EXERCISE PROMPT :: Reproduce exactly, and only, the lines below from the one containing "finally show ?thesis" through the one containing "using card_tiled_region[OF that]".

SOURCE MATERIAL ::
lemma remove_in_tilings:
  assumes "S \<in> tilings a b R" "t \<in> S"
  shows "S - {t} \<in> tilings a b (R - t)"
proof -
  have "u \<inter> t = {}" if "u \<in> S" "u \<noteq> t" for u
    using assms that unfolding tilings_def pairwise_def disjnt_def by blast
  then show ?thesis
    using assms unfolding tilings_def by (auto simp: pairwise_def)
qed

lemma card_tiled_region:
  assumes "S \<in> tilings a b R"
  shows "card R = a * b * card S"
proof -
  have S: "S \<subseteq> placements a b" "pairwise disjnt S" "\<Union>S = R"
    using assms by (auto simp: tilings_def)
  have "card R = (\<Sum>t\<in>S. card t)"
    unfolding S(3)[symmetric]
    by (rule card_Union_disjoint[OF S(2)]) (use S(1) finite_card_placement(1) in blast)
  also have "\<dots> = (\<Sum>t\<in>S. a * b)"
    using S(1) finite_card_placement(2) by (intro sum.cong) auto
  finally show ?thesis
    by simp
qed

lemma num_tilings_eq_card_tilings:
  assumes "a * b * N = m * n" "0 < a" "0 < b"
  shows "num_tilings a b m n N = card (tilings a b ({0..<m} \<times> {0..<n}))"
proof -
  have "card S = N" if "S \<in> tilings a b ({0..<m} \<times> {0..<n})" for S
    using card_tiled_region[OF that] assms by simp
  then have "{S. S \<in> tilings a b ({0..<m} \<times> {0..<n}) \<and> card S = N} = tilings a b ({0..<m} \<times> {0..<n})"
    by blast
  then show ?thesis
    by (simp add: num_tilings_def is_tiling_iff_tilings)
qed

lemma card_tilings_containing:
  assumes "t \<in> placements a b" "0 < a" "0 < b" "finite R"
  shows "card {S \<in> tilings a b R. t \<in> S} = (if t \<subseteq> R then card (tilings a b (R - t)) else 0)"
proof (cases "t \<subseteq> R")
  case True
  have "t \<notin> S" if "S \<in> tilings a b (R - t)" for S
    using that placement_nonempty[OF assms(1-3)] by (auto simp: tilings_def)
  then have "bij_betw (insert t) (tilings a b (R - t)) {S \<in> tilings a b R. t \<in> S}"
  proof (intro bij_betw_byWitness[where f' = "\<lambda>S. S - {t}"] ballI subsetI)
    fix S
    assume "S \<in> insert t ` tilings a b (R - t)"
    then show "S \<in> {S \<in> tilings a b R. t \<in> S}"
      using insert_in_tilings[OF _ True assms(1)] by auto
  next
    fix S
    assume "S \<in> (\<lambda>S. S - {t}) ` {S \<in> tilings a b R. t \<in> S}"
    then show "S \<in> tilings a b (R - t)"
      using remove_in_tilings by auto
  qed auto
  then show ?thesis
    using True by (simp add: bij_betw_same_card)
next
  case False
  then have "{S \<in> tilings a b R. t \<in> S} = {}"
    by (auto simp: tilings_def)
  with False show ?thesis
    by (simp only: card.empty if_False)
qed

RESPONSE BOX ::
  finally show ?thesis
    by simp
qed

lemma num_tilings_eq_card_tilings:
  assumes "a * b * N = m * n" "0 < a" "0 < b"
  shows "num_tilings a b m n N = card (tilings a b ({0..<m} \<times> {0..<n}))"
proof -
  have "card S = N" if "S \<in> tilings a b ({0..<m} \<times> {0..<n})" for S
    using card_tiled_region[OF that] assms by simp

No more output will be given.